SPOILER ALERT: The following contains spoilers for Jury Duty Presents: Company Retreat Episode 3.

Jury Duty Presents: Company Retreat Episode 3 is when everything hits the fan. “Soft Launch” is also likely to give Prime Video viewers a flashback to the original Jury Duty. Dougie Womack Jr.’s jerk sauce is this season’s chair pants.

“Soft Launch” is the disaster that catalyzes the entire season, and the audience will know that as soon as it’s announced that it’s time for the “Client Cookout,” in which Rockin’ Grandma’s invites all of their clients and vendors for a thank-you lunch. For a comedy show like Jury Duty Presents: Company Retreat, that screams giant, ludicrous spectacle. And as already established in the Season 2 premiere, the creative team is going even bigger this time around. One can almost feel the glee as they’re setting up the scenario for Dougie’s massive reveal.

Before the show gets there, though, there are some other jokes to tide the audience over—mostly through Jimmy once again being overly politically correct. The best riff in “Soft Launch” takes place between PJ Green (a perfectly deadpan Marc-Sully Saint-Fleur) and Jimmy about country names. PJ explains that Jimmy kept giving him flags when he learned that PJ is gay—including, for some reason, country flags. Most notably, several Nigerian flags. A completely useless debate ensues, capped off by this laugh-out-loud zinger of ignorance from Jimmy: “There couldn’t be a whiter country name than Chad.” The looks from both PJ and Jackie (LaNisa Renee Frederick) say it all.

Jimmy borders on being grating to the audience in this episode, though, as it also comes out that he filed a human resources complaint about Kevin’s marriage proposal to Amy. Since Kevin is the head of HR, that means Jimmy complained about Kevin to Kevin—and Kevin filed a report on himself. The result of this nonsense is that the whole Rockin’ Grandma’s team has to attend a sexual harassment seminar. This bit is not as funny as the previous episode‘s “Seminar Day” segments, and it runs the risk of making Jimmy more annoying than funny to watch.
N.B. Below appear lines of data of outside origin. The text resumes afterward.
(* Let $\phi>1$ be an integer. For arbitrarily large integers $n$ there exist (families of) feasible $n$-node graphs with election index $\phi$ such that leader election in time $\phi$ in these graphs requires advice of size $\Omega\!\left(n(\log\log n)^2/\log n\right)$. Precisely: there is a constant $c>0$ such that for infinitely many integers $n$ there is a finite family $\mathcal{F}_n$ of feasible $n$-node graphs, each with election index $\phi$, such that for every deterministic leader election algorithm with advice that performs leader election in time $\phi$ in every graph of $\mathcal{F}_n$, some graph of $\mathcal{F}_n$ receives advice of length at least $c\, n(\log\log n)^2/\log n$.
   Context: A graph is a simple undirected connected finite graph whose nodes have no identifiers; at each node $v$ of degree $d$ the incident edges carry distinct port numbers $0,\dots,d-1$ (local to each node). The truncated view $\mathcal{V}^0(v)$ is a single node; $\mathcal{V}^{l+1}(v)$ is the port-labelled rooted tree whose root has, for every neighbour $v_i$ of $v$, a child $x_i$ joined by an edge carrying the same two port numbers as $\{v,v_i\}$ (the one at $v$ at the root side), and $x_i$ is the root of a copy of $\mathcal{V}^l(v_i)$. The augmented truncated view $\mathcal{B}^l(v)$ is $\mathcal{V}^l(v)$ with each leaf labelled by the degree in $G$ of the node it represents. A graph is feasible if for some $l$ the views $\mathcal{B}^l(v)$ of all nodes are pairwise distinct; its election index is the smallest such $l$. Model (LOCAL): synchronous rounds, all nodes start simultaneously, in each round every node exchanges arbitrary messages with all neighbours and computes arbitrarily. Leader election: every node $v$ outputs a sequence $(p_1,q_1,\dots,p_k,q_k)$ of nonnegative integers describing a simple path starting at $v$ whose $i$-th edge has port $p_i$ at its endpoint closer to $v$ and $q_i$ at the other endpoint; all these paths must end at a common node. Time is the number of rounds until all nodes output. Advice: an oracle knowing the entire port-labelled graph gives the same binary string to all nodes before the start; its length is the size of advice. In a deterministic algorithm with advice, the actions/output of node $v$ in round $r$ are a function of the advice and of $\mathcal{B}^r(v)$. Logarithms are base 2. *)

theory Defs
  imports Complex_Main
begin

text \<open>Nodes are represented as 0..<gsize G; these numbers are
  never visible to the algorithm, which only sees augmented truncated views.
  port G v w is the port number at v of the edge {v,w}.\<close>

record pgraph =
  gsize :: nat
  adj :: "nat \<Rightarrow> nat \<Rightarrow> bool"
  port :: "nat \<Rightarrow> nat \<Rightarrow> nat"

definition deg :: "pgraph \<Rightarrow> nat \<Rightarrow> nat" where
  "deg G v = card {w. adj G v w}"

definition wf_pgraph :: "pgraph \<Rightarrow> bool" where
  "wf_pgraph G \<longleftrightarrow>
     gsize G \<ge> 1 \<and>
     (\<forall>u w. adj G u w \<longrightarrow> u < gsize G \<and> w < gsize G) \<and>
     (\<forall>u w. adj G u w \<longrightarrow> adj G w u) \<and>
     (\<forall>u. \<not> adj G u u) \<and>
     (\<forall>u<gsize G. \<forall>w<gsize G. (adj G)\<^sup>*\<^sup>* u w) \<and>
     (\<forall>v<gsize G. bij_betw (port G v) {w. adj G v w} {0..<deg G v})"

definition nbr :: "pgraph \<Rightarrow> nat \<Rightarrow> nat \<Rightarrow> nat" where
  "nbr G v p = (THE w. adj G v w \<and> port G v w = p)"

text \<open>Port-labelled rooted trees: a leaf carries a degree label; an inner node carries the
  list of its children ordered by the port at the root, each child given together with the
  two port numbers of the connecting edge (port at the parent side, port at the child side).\<close>
datatype view = VLeaf nat | VNode "(nat \<times> nat \<times> view) list"

fun bview :: "pgraph \<Rightarrow> nat \<Rightarrow> nat \<Rightarrow> view" where
  "bview G 0 v = VLeaf (deg G v)"
| "bview G (Suc l) v =
     VNode (map (\<lambda>p. (p, port G (nbr G v p) v, bview G l (nbr G v p))) [0..<deg G v])"

definition feasible :: "pgraph \<Rightarrow> bool" where
  "feasible G \<longleftrightarrow> (\<exists>l. inj_on (bview G l) {0..<gsize G})"

definition election_index :: "pgraph \<Rightarrow> nat" where
  "election_index G = (LEAST l. inj_on (bview G l) {0..<gsize G})"

fun follow :: "pgraph \<Rightarrow> nat \<Rightarrow> (nat \<times> nat) list \<Rightarrow> nat list option" where
  "follow G v [] = Some [v]"
| "follow G v ((p, q) # rest) =
     (if p < deg G v \<and> port G (nbr G v p) v = q
      then map_option (Cons v) (follow G (nbr G v p) rest) else None)"

definition simple_path_to :: "pgraph \<Rightarrow> nat \<Rightarrow> (nat \<times> nat) list \<Rightarrow> nat \<Rightarrow> bool" where
  "simple_path_to G v out l \<longleftrightarrow>
     (\<exists>vs. follow G v out = Some vs \<and> distinct vs \<and> last vs = l)"

text \<open>A deterministic algorithm with advice: A adv r B is the output (if any) produced in
  round r by a node whose augmented truncated view of depth r is B, given advice adv.\<close>
type_synonym algorithm = "bool list \<Rightarrow> nat \<Rightarrow> view \<Rightarrow> (nat \<times> nat) list option"

definition output_round :: "algorithm \<Rightarrow> bool list \<Rightarrow> pgraph \<Rightarrow> nat \<Rightarrow> nat" where
  "output_round A adv G v = (LEAST r. A adv r (bview G r v) \<noteq> None)"

definition node_output :: "algorithm \<Rightarrow> bool list \<Rightarrow> pgraph \<Rightarrow> nat \<Rightarrow> (nat \<times> nat) list" where
  "node_output A adv G v = the (A adv (output_round A adv G v) (bview G (output_round A adv G v) v))"

definition elects_in_time :: "algorithm \<Rightarrow> pgraph \<Rightarrow> nat \<Rightarrow> bool list \<Rightarrow> bool" where
  "elects_in_time A G t adv \<longleftrightarrow>
     (\<forall>v<gsize G. \<exists>r\<le>t. A adv r (bview G r v) \<noteq> None) \<and>
     (\<exists>l<gsize G. \<forall>v<gsize G. simple_path_to G v (node_output A adv G v) l)"

end

theory Submission
  imports Defs "HOL-Combinatorics.Permutations" "HOL-Library.Infinite_Set"
begin

text \<open>A hub carries \<open>2^B\<close> arms of length \<open>h\<close>, each ending in a tip that identifies its arm; a
  permutation \<open>g\<close> decides which arm hangs at which hub port. A tip is more than \<open>h\<close> away from the
  hub, so within time \<open>h\<close> it sees the same view whatever \<open>g\<close> is, and with equal advice it outputs
  the same port sequence. Unless the leader lies in its own arm, that sequence enters the hub and
  records the hub port of its arm. For two permutations differing at some port \<open>p\<close>, the arms
  \<open>g\<^sub>1 p\<close> and \<open>g\<^sub>2 p\<close> both sit at different ports in the two graphs, so the leader would have to
  lie in both arms. Hence the \<open>(2^B)!\<close> graphs need pairwise different advice, of length about
  \<open>B 2^B\<close>, which is linear in the number \<open>n = \<Theta>(2^B (h + B))\<close> of nodes; a linear bound
  dominates \<open>n (log log n)^2 / log n\<close>.\<close>

lemma wf_pgraphD:
  assumes "wf_pgraph G"
  shows "\<And>u w. adj G u w \<Longrightarrow> u < gsize G \<and> w < gsize G" "\<And>u w. adj G u w \<Longrightarrow> adj G w u"
    "\<And>v. v < gsize G \<Longrightarrow> bij_betw (port G v) {w. adj G v w} {0..<deg G v}"
  using assms unfolding wf_pgraph_def by auto

lemma nbr_port:
  assumes "wf_pgraph G" "adj G v w"
  shows "nbr G v (port G v w) = w"
proof -
  have "v < gsize G" using wf_pgraphD(1)[OF assms] by simp
  then have b: "bij_betw (port G v) {w. adj G v w} {0..<deg G v}" using wf_pgraphD(3)[OF assms(1)] by blast
  show ?thesis unfolding nbr_def
  proof (rule the_equality)
    fix w' assume "adj G v w' \<and> port G v w' = port G v w"
    then show "w' = w" using b assms(2) unfolding bij_betw_def inj_on_def by auto
  qed (use assms(2) in simp)
qed

lemma adj_nbr:
  assumes "wf_pgraph G" "v < gsize G" "p < deg G v"
  shows "adj G v (nbr G v p)"
proof -
  have "p \<in> port G v ` {w. adj G v w}"
    using wf_pgraphD(3)[OF assms(1,2)] assms(3) unfolding bij_betw_def by auto
  then obtain w where w: "adj G v w" "port G v w = p" by auto
  then show ?thesis using nbr_port[OF assms(1) w(1)] by simp
qed

lemma nbr_lt_gsize: "wf_pgraph G \<Longrightarrow> v < gsize G \<Longrightarrow> p < deg G v \<Longrightarrow> nbr G v p < gsize G"
  using adj_nbr wf_pgraphD(1) by blast

lemma nbr_back:
  assumes "wf_pgraph G" "v < gsize G" "p < deg G v"
  shows "nbr G (nbr G v p) (port G (nbr G v p) v) = v"
  using nbr_port[OF assms(1) wf_pgraphD(2)[OF assms(1) adj_nbr[OF assms]]] .

lemma bview_eq_imp_deg_eq: "bview G l u = bview G l v \<Longrightarrow> deg G u = deg G v"
proof (cases l)
  case (Suc m)
  assume "bview G l u = bview G l v"
  then have "length (map (\<lambda>p. (p, port G (nbr G u p) u, bview G m (nbr G u p))) [0..<deg G u])
    = length (map (\<lambda>p. (p, port G (nbr G v p) v, bview G m (nbr G v p))) [0..<deg G v])"
    using Suc by (simp only: bview.simps view.inject)
  then show ?thesis by simp
qed simp

lemma bview_Suc_eqD:
  assumes "bview G (Suc m) u = bview G (Suc m) v" "p < deg G u"
  shows "port G (nbr G u p) u = port G (nbr G v p) v"
    and "bview G m (nbr G u p) = bview G m (nbr G v p)"
proof -
  let ?f = "\<lambda>u p. (p, port G (nbr G u p) u, bview G m (nbr G u p))"
  have deg: "deg G u = deg G v" using bview_eq_imp_deg_eq[OF assms(1)] .
  have "?f u p = map (?f u) [0..<deg G u] ! p" using assms(2) by simp
  also have "\<dots> = map (?f v) [0..<deg G v] ! p"
    using assms(1) by (simp only: bview.simps view.inject)
  also have "\<dots> = ?f v p" using assms(2) deg by simp
  finally show "port G (nbr G u p) u = port G (nbr G v p) v"
    and "bview G m (nbr G u p) = bview G m (nbr G v p)" by (simp_all only: prod.inject)
qed

lemma bview_Suc_eqI:
  assumes "deg G u = deg G v"
    and "\<And>p. p < deg G u \<Longrightarrow> port G (nbr G u p) u = port G (nbr G v p) v"
    and "\<And>p. p < deg G u \<Longrightarrow> bview G m (nbr G u p) = bview G m (nbr G v p)"
  shows "bview G (Suc m) u = bview G (Suc m) v"
  using assms by (simp del: upt.simps)

fun walk_ok :: "pgraph \<Rightarrow> nat \<Rightarrow> nat list \<Rightarrow> bool" where
  "walk_ok G v [] = True"
| "walk_ok G v (p # ps) \<longleftrightarrow> p < deg G v \<and> walk_ok G (nbr G v p) ps"

fun walk_end :: "pgraph \<Rightarrow> nat \<Rightarrow> nat list \<Rightarrow> nat" where
  "walk_end G v [] = v"
| "walk_end G v (p # ps) = walk_end G (nbr G v p) ps"

definition bview_unique :: "pgraph \<Rightarrow> nat \<Rightarrow> nat \<Rightarrow> bool" where
  "bview_unique G m z \<longleftrightarrow> (\<forall>z'<gsize G. bview G m z' = bview G m z \<longrightarrow> z' = z)"

text \<open>Equal views of depth \<open>l\<close> let the same port walk be followed from \<open>v\<close> and from \<open>w\<close>;
  if it ends in a node recognised by its view of the remaining depth, both walks end there, and
  retracing the walk backwards through the (equal) return ports gives \<open>v = w\<close>.\<close>
lemma bview_eq_by_unique_walk_end:
  assumes wf: "wf_pgraph G"
  shows "v < gsize G \<Longrightarrow> w < gsize G \<Longrightarrow> bview G l v = bview G l w \<Longrightarrow> walk_ok G v ps
    \<Longrightarrow> length ps \<le> l \<Longrightarrow> bview_unique G (l - length ps) (walk_end G v ps) \<Longrightarrow> v = w"
proof (induction ps arbitrary: v w l)
  case Nil
  have "bview_unique G l v" using Nil.prems(6) by simp
  then show ?case using Nil.prems(2,3) unfolding bview_unique_def by simp
next
  case (Cons p ps)
  obtain m where l: "l = Suc m" using Cons.prems(5) by (cases l) auto
  have p: "p < deg G v" using Cons.prems(4) by simp
  have eq: "bview G (Suc m) v = bview G (Suc m) w" using Cons.prems(3) l by simp
  have pw: "p < deg G w" using p bview_eq_imp_deg_eq[OF eq] by simp
  have "nbr G v p = nbr G w p"
  proof (rule Cons.IH)
    show "nbr G v p < gsize G" "nbr G w p < gsize G"
      using nbr_lt_gsize[OF wf] Cons.prems(1,2) p pw by auto
    show "bview G m (nbr G v p) = bview G m (nbr G w p)" using bview_Suc_eqD(2)[OF eq p] .
    show "walk_ok G (nbr G v p) ps" using Cons.prems(4) by simp
    show "length ps \<le> m" using Cons.prems(5) l by simp
    show "bview_unique G (m - length ps) (walk_end G (nbr G v p) ps)" using Cons.prems(6) l by simp
  qed
  then have "nbr G (nbr G v p) (port G (nbr G v p) v) = nbr G (nbr G w p) (port G (nbr G w p) w)"
    using bview_Suc_eqD(1)[OF eq p] by simp
  then show "v = w" using nbr_back[OF wf Cons.prems(1) p] nbr_back[OF wf Cons.prems(2) pw] by simp
qed

subsection \<open>Views far from a node whose ports are changed\<close>

fun nbhd :: "pgraph \<Rightarrow> nat \<Rightarrow> nat \<Rightarrow> nat set" where
  "nbhd G 0 v = {v}"
| "nbhd G (Suc k) v = insert v (\<Union> {nbhd G k w | w. adj G v w})"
Rachel Kaly as Claire in Jury Duty Presents: Company Retreat. (Photo Credit: Courtesy of Prime Video.)
Rachel Kaly as Claire in Jury Duty Presents: Company Retreat. (Photo Credit: Courtesy of Prime Video.)
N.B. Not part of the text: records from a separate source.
text \<open>With \<open>m = \<lfloor>k p\<rfloor>\<close> and \<open>D = (2 B) powr (1 / p)\<close>, the terms are bounded by
  \<open>(1/2)^k D^(m+1) / m! \<le> (1/2)^k D exp D\<close>.\<close>
lemma summable_power_div_Gamma:
  assumes "0 < p"
  shows "summable (\<lambda>k. c ^ k / Gamma (1 + real k * p))"
proof (rule summable_comparison_test_ev)
  define B where "B = max 1 \<bar>c\<bar>"
  define D where "D = (2 * B) powr (1 / p)"
  have "1 \<le> B" "\<bar>c\<bar> \<le> B" "0 < D"
    unfolding B_def D_def by auto
  show "summable (\<lambda>k. D * exp D * (1/2::real) ^ k)"
    by (intro summable_mult summable_geometric) auto
  obtain N :: nat where "1 / p \<le> real N"
    using real_arch_simple by blast
  then have "\<forall>k\<ge>N. 1 \<le> real k * p"
    using assms by (auto simp: field_simps intro: order_trans[of _ "real N * p"])
  then show "\<forall>\<^sub>F k in sequentially. norm (c ^ k / Gamma (1 + real k * p)) \<le> D * exp D * (1/2) ^ k"
    unfolding eventually_sequentially
  proof (intro exI allI impI)
    fix k assume "N \<le> k"
    then have kp: "1 \<le> real k * p"
      using \<open>\<forall>k\<ge>N. 1 \<le> real k * p\<close> by blast
    define m where "m = nat \<lfloor>real k * p\<rfloor>"
    have "real k * p < real m + 1"
      unfolding m_def using kp by linarith
    then have "real k \<le> (real m + 1) / p"
      using assms by (simp add: field_simps)
    have "(2 * B) ^ k = (2 * B) powr real k"
      using \<open>1 \<le> B\<close> by (simp add: powr_realpow)
    also have "\<dots> \<le> (2 * B) powr ((real m + 1) / p)"
      using \<open>1 \<le> B\<close> \<open>real k \<le> (real m + 1) / p\<close> by (intro powr_mono) auto
    also have "\<dots> = D powr real (m + 1)"
      unfolding D_def by (simp add: powr_powr add.commute)
    also have "\<dots> = D ^ (m + 1)"
      using \<open>0 < D\<close> by (rule powr_realpow)
    finally have "(2 * B) ^ k \<le> D ^ (m + 1)" .
    have "norm (c ^ k / Gamma (1 + real k * p)) \<le> B ^ k / fact m"
      using fact_floor_le_Gamma[OF kp] \<open>\<bar>c\<bar> \<le> B\<close>
      by (simp add: m_def abs_mult power_abs frac_le power_mono)
    also have "\<dots> = (1/2) ^ k * ((2 * B) ^ k / fact m)"
      by (simp add: power_mult_distrib field_simps)
    also have "\<dots> \<le> (1/2) ^ k * (D * (D ^ m / fact m))"
      using \<open>(2 * B) ^ k \<le> D ^ (m + 1)\<close> by (intro mult_left_mono) (auto simp: divide_right_mono)
    also have "\<dots> \<le> (1/2) ^ k * (D * exp D)"
      using \<open>0 < D\<close> power_div_fact_le_exp[of D m] by (intro mult_left_mono) auto
    finally show "norm (c ^ k / Gamma (1 + real k * p)) \<le> D * exp D * (1/2) ^ k"
      by (simp add: mult.commute)
  qed
qed
theorem mainTheorem4:
  fixes T :: real
    and b :: "real \<times> real \<Rightarrow> real \<times> real"
    and \<rho> :: "real \<Rightarrow> real \<times> real \<Rightarrow> real"
    and \<eta> :: "(real \<Rightarrow> real \<times> real) measure"
    and c :: "real \<times> real" and r :: real
    and \<rho>B :: "real \<Rightarrow> real \<times> real \<Rightarrow> real"
  assumes T_pos: "T > 0"
    and b_borel: "b \<in> borel_measurable borel"
    and b_bounded: "bounded (range b)"
    and b_periodic: "periodic2 b"
    and b_BV: "torus_BV b"
    and NI: "nearly_incompressible T b \<rho>"
    and eta_sets: "sets \<eta> = sets (curve_space T)"
    and eta_finite: "finite_measure \<eta>"
    and eta_conc: "AE \<gamma> in \<eta>. integral_curve b T \<gamma>"
    and eta_marg: "\<forall>t\<in>{0..T}. distr \<eta> lborel (\<lambda>\<gamma>. torus_proj (\<gamma> t))
                     = density lborel (\<lambda>x. ennreal (\<rho> t x) * indicator unit_cell x)"
    and c_rat: "fst c \<in> \<rat>" "snd c \<in> \<rat>"
    and r_rat: "r \<in> \<rat>" "r > 0"
    and \<rho>B_meas: "(\<lambda>tx. \<rho>B (fst tx) (snd tx)) \<in> borel_measurable borel"
    and \<rho>B_nonneg: "\<forall>t x. \<rho>B t x \<ge> 0"
    and \<rho>B_def: "\<forall>t\<in>{0..T}.
        distr (density \<eta> (indicator (crossing_set b T (torus_ball c r)))) lborel (\<lambda>\<gamma>. torus_proj (\<gamma> t))
          = density lborel (\<lambda>x. ennreal (\<rho>B t x) * indicator unit_cell x)"
  shows "\<forall>\<phi>::real \<times> real \<Rightarrow> real. smooth \<phi> \<and> periodic2 \<phi> \<and> tsupport \<phi> \<subseteq> torus_ball c r \<longrightarrow>
           (LINT x:unit_cell|lborel.
              (LINT t:{0..T}|lborel. \<rho>B t (torus_proj x)) * frechet_derivative \<phi> (at x) (b x)) = 0"
proof (intro allI impI)
  fix \<phi> :: "real \<times> real \<Rightarrow> real"
  assume "smooth \<phi> \<and> periodic2 \<phi> \<and> tsupport \<phi> \<subseteq> torus_ball c r"
  then have \<phi>: "smooth \<phi>" "periodic2 \<phi>" and supp: "tsupport \<phi> \<subseteq> torus_ball c r" by auto
  define B where "B = torus_ball c r"
  define F where "F x = b x \<bullet> gradient \<phi> x" for x
  have T: "0 \<le> T" and B_borel: "B \<in> sets borel"
    using T_pos borel_open[OF open_torus_ball] by (auto simp: B_def)
  obtain C where C: "\<And>x. \<bar>F x\<bar> \<le> C"
    using bounded_transport_integrand[OF b_bounded \<phi>(2,1)] unfolding F_def by blast
  have F: "F \<in> borel_measurable borel" "periodic2 F"
    unfolding F_def using borel_measurable_transport_integrand[OF b_borel \<phi>(1)]
      periodic2_transport_integrand[OF b_periodic \<phi>(2,1)] by auto
  interpret \<eta>: finite_measure \<eta> by (rule eta_finite)
  interpret crossing: curve_superposition "density \<eta> (indicator (crossing_curves \<eta> T B))" T \<rho>B
    using \<eta>.finite_measure_restricted[OF sets_crossing_curves[OF eta_sets T B_borel]] T eta_sets
      \<rho>B_meas \<rho>B_nonneg \<rho>B_def density_crossing_set[OF eta_conc]
    by (simp add: curve_superposition_def curve_superposition_axioms_def B_def)
  have "(LINT x:unit_cell|lborel.
          (LINT t:{0..T}|lborel. \<rho>B t (torus_proj x)) * frechet_derivative \<phi> (at x) (b x))
      = (LINT x:unit_cell|lborel. (LINT t:{0..T}|lborel. \<rho>B t x) * F x)"
    by (intro set_lebesgue_integral_cong)
      (simp_all add: torus_proj_unit_cell F_def frechet_derivative_eq_gradient smooth_differentiable \<phi>(1))
  also have "\<dots> = (\<integral>\<gamma>. (LINT t:{0..T}|lborel. F (\<gamma> t)) \<partial>density \<eta> (indicator (crossing_curves \<eta> T B)))"
    using crossing.integral_time_integrated_density[OF F C] crossing.integral_swap_time_curves[OF F(1) C]
    by simp
  also have "\<dots> = 0"
    using AE_crossing_flux_vanishes[OF eta_sets T B_borel eta_conc b_borel b_bounded \<phi>(1) supp[folded B_def] C[unfolded F_def]]
    unfolding F_def by (rule integral_eq_zero_AE)
  finally show "(LINT x:unit_cell|lborel.
      (LINT t:{0..T}|lborel. \<rho>B t (torus_proj x)) * frechet_derivative \<phi> (at x) (b x)) = 0" .
qed

end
Luckily, the Client Cookout sequence gets the episode back on track. IT employee Claire arrives with an umbrella hat that is the physical equivalent to Todd’s chair pants from Jury Duty Season 1—a madcap solution to a negligible problem. The visual gag is good for a few laughs, most obviously when Claire hits Amy with the umbrella. But the real chair pants moment happens between Dougie and Anthony, when the former’s big announcement goes terribly, inappropriately wrong. The announcement of Rockin’ Grandma’s Jamaican Jerk Sauce turns into a giant sexual joke, involving the accidental placement of the word “off” and a moving display that makes Grandma seem incredibly lewd.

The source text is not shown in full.